I've been learning the basics of tackling system design problems to better prepare myself for these types of questions in interviews. As a junior developer, system design interviews can be intimidating and difficult to feel adequately prepared for because of the open-ended nature and lack of experience/opportunities to put the skills into practice. Developing large-scale systems is no simple feat!
In previous posts, I've written about SQL vs. NoSQL and caching, which are small components to designing large-scale systems. Perhaps I'll make all of these posts into a series someday, titled something like "The (Very) Small Building Blocks of a System Design Interview Written For Beginners By a Beginner."
Thanks for coming to my TED talk! But I do have a topic I want to cover today: CAP Theorem. CAP stands for consistency, availability, and partition tolerance. CAP theorem is the concept that it is impossible for a distributed software system to guarantee all three properties; you can only have two of the three.
When designing your distributed data store, you will have to consider tradeoffs and the needs of your system so you can choose a data management system that will deliver on the properties your application needs most.
What's a distributed system? It's a network that stores data on more than one node (either a physical or virtual machine) at the same time. All cloud applications are distributed systems.
Clients will see the same data at the same time, regardless of which node they connect to.
To achieve this, when data is written to one node, it must be immediately replicated or forwarded to all of the other nodes in the system before the write is considered a "success".
If a client makes a request for data, they will get a response even if one or more nodes are down. All of the remaining working nodes in the system will return a valid response for any request.
This is achieved by replicating data across different servers.
A partition is when there is a message loss or partial failure between two nodes.
The system will continue to work despite the partition and can sustain any amount of network failure that doesn't result in a failure of the entire network.
To achieve this, data must be sufficiently replicated across a combination of nodes and networks to keep the system up and running through sporadic outages.
Non-relational/NoSQL databases are the best option for a distributed network application because of its horizontal scalability and distributed nature by design (can quickly scale across a vast network with a lot of interconnected nodes).
NoSQL databases can be classified by the two CAP properties they support:
CP databases will deliver on consistency and partition tolerance, sacrificing availability. A guarantee of availability cannot occur because if a partition happens between any nodes, the system will have to shut down the inconsistent node until the partition resolves.
MongoDB is a common NoSQL database that stores data as BSON (binary JSON) documents. It follows a single-master set up where only one primary node receives all the write operations, and the other nodes in the same replica set are secondary nodes that replicate the primary node's data. Typically used for big data and real-time apps running at several different locations, MongoDB follows the CP classification as it resolves network partitions by maintaining consistency at the expense of availability.
AP databases deliver on availability and partition tolerance, sacrificing consistency. A guarantee of consistency can't occur because if a partition happens, all nodes remain available but there is a chance that the affected node may deliver stale data.
Cassandra is another popular NoSQL database that stores data in a wide-column format.
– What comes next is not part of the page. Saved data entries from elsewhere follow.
lemma large_S_block_count_le:
  assumes "1 \<le> t"
  shows "real (card {V. V \<subseteq> {0..<n} \<and> card V < t \<and> 2 * card V < n})
           * real (card {T. T \<subseteq> {0..<m} \<and> card T = t}) * exp (- 4 * real t * L)
         \<le> exp (- 2 * L)"
proof -
  have "real (card {V. V \<subseteq> {0..<n} \<and> card V < t \<and> 2 * card V < n})
      \<le> real (card {V. V \<subseteq> {0..<n} \<and> card V < t})"
    by (intro of_nat_mono card_mono) auto
  also have "\<dots> \<le> exp (real t * L)"
    using n_ge_2 n_le_m by (intro card_small_subsets_le_exp) auto
  finally have "real (card {V. V \<subseteq> {0..<n} \<and> card V < t \<and> 2 * card V < n}) \<le> exp (real t * L)" .
  moreover have "real (card {T. T \<subseteq> {0..<m} \<and> card T = t}) \<le> exp (real t * L)"
    by (intro card_subsets_le_exp) auto
  ultimately have "real (card {V. V \<subseteq> {0..<n} \<and> card V < t \<and> 2 * card V < n})
        * real (card {T. T \<subseteq> {0..<m} \<and> card T = t}) * exp (- 4 * real t * L)
      \<le> exp (real t * L) * exp (real t * L) * exp (- 4 * real t * L)"
    by (intro mult_right_mono mult_mono) auto
  also have "\<dots> = exp (- 2 * real t * L)"
    by (simp add: exp_add[symmetric] algebra_simps)
  also have "\<dots> \<le> exp (- 2 * L)"
    using assms L_pos by simp
  finally show ?thesis .
qed

lemma prob_sparse_small_S_le:
  "measure_pmf.prob (bip_graph_pmf n m p) sparse_small_S \<le> real n * exp (- 2 * L)"
proof -
  have "measure_pmf.prob (bip_graph_pmf n m p) sparse_small_S \<le> real (card {1..n div 2}) * exp (- 2 * L)"
    unfolding sparse_small_S_def
  proof (rule prob_UN_UN_UN_le[where q = "\<lambda>s. exp (- (16 * real r - 12) * real s * L)"])
    fix s S U
    assume s: "s \<in> {1..n div 2}" and S: "S \<in> {S. S \<subseteq> {0..<n} \<and> card S = s}"
      and U: "U \<in> {U. U \<subseteq> {0..<m} \<and> card U < r * s}"
    have "m = card ({0..<m} - U) + card U"
      using card_Int_Diff[of "{0..<m}" U] U by (simp add: Int_absorb1)
    moreover have "2 * s \<le> n"
      using s less_eq_div_iff_mult_less_eq[where m = s and n = n and q = 2] by (simp add: mult.commute)
    then have "2 * (r * s) \<le> m"
      using mult_le_mono2[of "2 * s" n r] by (simp add: algebra_simps)
    moreover have "card U < r * s"
      using U by simp
    ultimately have "m \<le> 2 * card ({0..<m} - U)"
      by linarith
    then show "measure_pmf.prob (bip_graph_pmf n m p)
        {E. real (card (E \<inter> S \<times> ({0..<m} - U))) \<le> 16 * L * card S}
        \<le> exp (- (16 * real r - 12) * real s * L)"
      using prob_sparse_block_small_side_le[of S "{0..<m} - U"] S by auto
  next
    fix s assume "s \<in> {1..n div 2}"
    then show "real (card {S. S \<subseteq> {0..<n} \<and> card S = s}) * real (card {U. U \<subseteq> {0..<m} \<and> card U < r * s})
        * exp (- (16 * real r - 12) * real s * L) \<le> exp (- 2 * L)"
      by (intro small_S_block_count_le) simp
  qed auto
  also have "\<dots> \<le> real n * exp (- 2 * L)"
    by (intro mult_right_mono) auto
  finally show ?thesis .
qed

lemma prob_sparse_large_S_le:
  "measure_pmf.prob (bip_graph_pmf n m p) sparse_large_S \<le> real m * exp (- 2 * L)"
proof -
  have "measure_pmf.prob (bip_graph_pmf n m p) sparse_large_S \<le> real (card {1..m}) * exp (- 2 * L)"
    unfolding sparse_large_S_def
  proof (rule prob_UN_UN_UN_le[where q = "\<lambda>t. exp (- 4 * real t * L)"])
    fix t V T
    assume V: "V \<in> {V. V \<subseteq> {0..<n} \<and> card V < t \<and> 2 * card V < n}"
      and T: "T \<in> {T. T \<subseteq> {0..<m} \<and> card T = t}"
    have "n = card ({0..<n} - V) + card V"
      using card_Int_Diff[of "{0..<n}" V] V by (simp add: Int_absorb1)
    moreover have "2 * card V < n"
      using V by simp
    ultimately have "n \<le> 2 * card ({0..<n} - V)"
      by linarith
    then show "measure_pmf.prob (bip_graph_pmf n m p)
        {E. real (card (E \<inter> ({0..<n} - V) \<times> T)) \<le> 16 * L * card T}
        \<le> exp (- 4 * real t * L)"
      using prob_sparse_block_large_side_le[of "{0..<n} - V" T] T by auto
  next
    fix t assume "t \<in> {1..m}"
    then show "real (card {V. V \<subseteq> {0..<n} \<and> card V < t \<and> 2 * card V < n})
        * real (card {T. T \<subseteq> {0..<m} \<and> card T = t}) * exp (- 4 * real t * L) \<le> exp (- 2 * L)"
      by (intro large_S_block_count_le) simp
  qed auto
  then show ?thesis
    by simp
qed
lemma psd_gram_factor:
  assumes K: "real_or_complex K" and P: "psd K n M"
  shows "\<exists>U. gram_factor K n U M"
  using P
proof (induction n arbitrary: M)
  case 0
  then show ?case by (simp add: gram_factor_def)
next
  case (Suc n M)
  have "0 \<le> Re (M n n)" using psd_diag_nonneg[OF K Suc.prems] by simp
  then consider "Re (M n n) = 0" | "Re (M n n) > 0" by linarith
  then show ?case
  proof cases
    case 1
    then have "M n n = 0"
      using Suc.prems hermitian_diag_real[of "Suc n" M n] unfolding psd_def by auto
    then show ?thesis
      using Suc.IH[OF psd_restrict[OF K Suc.prems]] gram_factor_extend_zero[OF K Suc.prems] by blast
  next
    case 2
    then show ?thesis
      using Suc.IH[OF psd_schur_complement[OF K Suc.prems 2]] gram_factor_extend_pivot[OF K Suc.prems 2]
      by blast
  qed
qed

lemma qform_gram_factor:
  assumes "gram_factor K n U M"
  shows "qform n M x = (\<Sum>k<n. cnj (\<Sum>j<n. U k j * x j) * (\<Sum>j<n. U k j * x j))"
proof -
  have "qform n M x = (\<Sum>i<n. \<Sum>j<n. \<Sum>k<n. cnj (x i) * (cnj (U k i) * U k j) * x j)"
    using assms unfolding qform_def gram_factor_def by (simp add: sum_distrib_left sum_distrib_right)
  also have "\<dots> = (\<Sum>k<n. \<Sum>i<n. \<Sum>j<n. cnj (U k i * x i) * (U k j * x j))"
    by (subst sum_swap3) (simp add: algebra_simps)
  also have "\<dots> = (\<Sum>k<n. cnj (\<Sum>j<n. U k j * x j) * (\<Sum>j<n. U k j * x j))"
    by (simp only: cnj_sum sum_product)
  finally show ?thesis .
qed

lemma frob_gram_factor:
  assumes H: "hermitian n M" and X: "gram_factor K n U X"
  shows "frob n M X = (\<Sum>k<n. qform n M (\<lambda>i. cnj (U k i)))"
proof -
  have "frob n M X = (\<Sum>i<n. \<Sum>j<n. \<Sum>k<n. U k i * M i j * cnj (U k j))"
    unfolding frob_def
  proof (intro sum.cong refl)
    fix i j assume "i \<in> {..<n}" "j \<in> {..<n}"
    then show "cnj (M j i) * X j i = (\<Sum>k<n. U k i * M i j * cnj (U k j))"
      using X hermitianD[OF H, of i j] unfolding gram_factor_def
      by (simp add: sum_distrib_left algebra_simps)
  qed
  also have "\<dots> = (\<Sum>k<n. \<Sum>i<n. \<Sum>j<n. U k i * M i j * cnj (U k j))" by (rule sum_swap3)
  also have "\<dots> = (\<Sum>k<n. qform n M (\<lambda>i. cnj (U k i)))" unfolding qform_def by simp
  finally show ?thesis .
qed

lemma psd_sos:
  assumes "real_or_complex K" "psd K n M"
  shows "sos K n (\<lambda>x. Re (qform n M x))"
proof -
  obtain U where U: "gram_factor K n U M" using psd_gram_factor[OF assms] by blast
  have "sos K n (\<lambda>x. \<Sum>k<n. (Re (\<Sum>j<n. U k j * x j))^2 + (Im (\<Sum>j<n. U k j * x j))^2)"
    by (intro sos_sum sos_add sos_square realpoly_Re_linear realpoly_Im_linear)
  then show ?thesis
    by (rule sos_cong) (simp only: qform_gram_factor[OF U] Re_sum Re_cnj_mult_self)
qed

lemma psd_frob_nonneg:
  assumes K: "real_or_complex K" and M: "psd K n M" and X: "psd K n X"
  shows "0 \<le> Re (frob n M X)"
proof -
  obtain U where U: "gram_factor K n U X" using psd_gram_factor[OF K X] by blast
  have "\<forall>k<n. (\<lambda>i. cnj (U k i)) \<in> Kvec K n"
    using U K unfolding gram_factor_def Kvec_def by (auto intro: scalar_cnj)
  then have "\<forall>k<n. 0 \<le> Re (qform n M (\<lambda>i. cnj (U k i)))" using M unfolding psd_def by auto
  moreover have H: "hermitian n M" using M unfolding psd_def by auto
  ultimately show ?thesis unfolding frob_gram_factor[OF H U] Re_sum by (intro sum_nonneg) auto
qed

section \<open>Matrix constructions\<close>

lemma vnorm2_nonneg: "0 \<le> vnorm2 n x"
  unfolding vnorm2_def by (simp add: sum_nonneg)

lemma vnorm2_scale: "vnorm2 n (\<lambda>j. c * x j) = (cmod c)^2 * vnorm2 n x"
  unfolding vnorm2_def by (simp add: norm_mult power_mult_distrib sum_distrib_left)

lemma vnorm2_eq_0_imp_qform_eq_0:
  assumes "vnorm2 n x = 0"
  shows "qform n M x = 0"
proof -
  have "\<forall>j\<in>{..<n}. (cmod (x j))^2 = 0" using assms unfolding vnorm2_def
    by (subst sum_nonneg_eq_0_iff[symmetric]) auto
  then have "qform n M x = qform n M (\<lambda>_. 0)" by (intro qform_cong) auto
  then show ?thesis by (simp add: qform_def)
qed

lemma sos_vnorm2: "sos K n (vnorm2 n)"
proof -
  have "sos K n (\<lambda>x. \<Sum>j<n. (Re (x j))^2 + (Im (x j))^2)"
    by (intro sos_sum sos_add sos_square realpoly.re realpoly.im) auto
  then show ?thesis by (rule sos_cong) (simp add: vnorm2_def cmod_power2)
qed

lemma Kvec_normalize:
  assumes K: "real_or_complex K" and x: "x \<in> Kvec K n" and N: "0 < vnorm2 n x"
  obtains v where "v \<in> Kvec K n" "vnorm2 n v = 1"
    "\<And>M. qform n M v = complex_of_real (1 / vnorm2 n x) * qform n M x"
proof
  define c where "c = complex_of_real (1 / sqrt (vnorm2 n x))"
  have cc: "cnj c * c = complex_of_real (1 / vnorm2 n x)" unfolding c_def using N
    by (simp flip: of_real_mult)
  have cm: "(cmod c)^2 = 1 / vnorm2 n x" unfolding c_def using N
    by (simp only: norm_of_real) (simp add: power_divide)
  show "(\<lambda>j. c * x j) \<in> Kvec K n" using x K unfolding Kvec_def c_def by (auto intro: scalar_mult)
  show "vnorm2 n (\<lambda>j. c * x j) = 1" unfolding vnorm2_scale cm using N by simp
  show "qform n M (\<lambda>j. c * x j) = complex_of_real (1 / vnorm2 n x) * qform n M x" for M
    unfolding qform_scale cc ..
qed

lemma Re_qform_le_entry_norms: "Re (qform n M x) \<le> (\<Sum>a<n. \<Sum>b<n. cmod (M a b)) * vnorm2 n x"
proof -
  have xb: "cmod (x a) * cmod (x b) \<le> vnorm2 n x" if "a < n" "b < n" for a b
  proof -
    have "(cmod (x a))^2 \<le> vnorm2 n x" "(cmod (x b))^2 \<le> vnorm2 n x"
      unfolding vnorm2_def using that by (auto intro!: member_le_sum)
    then show ?thesis using sum_squares_bound[of "cmod (x a)" "cmod (x b)"] by linarith
  qed
  have "Re (qform n M x) \<le> cmod (qform n M x)" by (rule complex_Re_le_cmod)
  also have "\<dots> \<le> (\<Sum>a<n. \<Sum>b<n. cmod (cnj (x a) * M a b * x b))"
    unfolding qform_def by (rule order_trans[OF norm_sum sum_mono]) (rule norm_sum)
  also have "\<dots> \<le> (\<Sum>a<n. \<Sum>b<n. cmod (M a b) * vnorm2 n x)"
  proof (intro sum_mono)
    fix a b assume "a \<in> {..<n}" "b \<in> {..<n}"
    then have "cmod (x a) * cmod (x b) \<le> vnorm2 n x" using xb by auto
    then show "cmod (cnj (x a) * M a b * x b) \<le> cmod (M a b) * vnorm2 n x"
      by (simp add: norm_mult) (metis mult.commute mult.left_commute mult_left_mono norm_ge_zero)
  qed
  also have "\<dots> = (\<Sum>a<n. \<Sum>b<n. cmod (M a b)) * vnorm2 n x" by (simp add: sum_distrib_right)
  finally show ?thesis .
qed

definition outer :: "(nat \<Rightarrow> complex) \<Rightarrow> nat \<Rightarrow> nat \<Rightarrow> complex" where
  "outer v i j = v i * cnj (v j)"

lemma qform_outer: "qform n (outer v) x = cnj (\<Sum>j<n. cnj (v j) * x j) * (\<Sum>j<n. cnj (v j) * x j)"
  unfolding qform_def outer_def by (simp only: cnj_sum sum_product) (simp add: algebra_simps)

lemma psd_outer:
  assumes K: "real_or_complex K" and v: "v \<in> Kvec K n"
  shows "psd K n (outer v)"
  unfolding psd_def
proof (intro conjI ballI)
  show "Kmat K n (outer v)"
    using v K unfolding Kmat_def Kvec_def outer_def by (auto intro: scalar_mult scalar_cnj)
  show "hermitian n (outer v)" unfolding hermitian_def outer_def by (simp add: mult.commute)
  show "0 \<le> Re (qform n (outer v) x)" for x unfolding qform_outer Re_cnj_mult_self by simp
qed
Without a master node (unlike Mongo), all nodes have to be available continuously, and as such it follows the AP classification. It is highly performant at the cost of consistency, though Cassandra does provide consistency eventually.
CA databases can deliver on consistency and availability, but cannot accommodate partition tolerance. CA databases are relational/SQL databases.
As with any of your system design needs, you will have to consider all of the benefits of the different database stores and tradeoffs that will work best for your problem. You should also clarify with the interviewer what type of guarantee they are looking for in the system. Talking through the tradeoffs at every stage is key in a system design interview. Understanding the basics is a great first step in getting more comfortable with system design questions.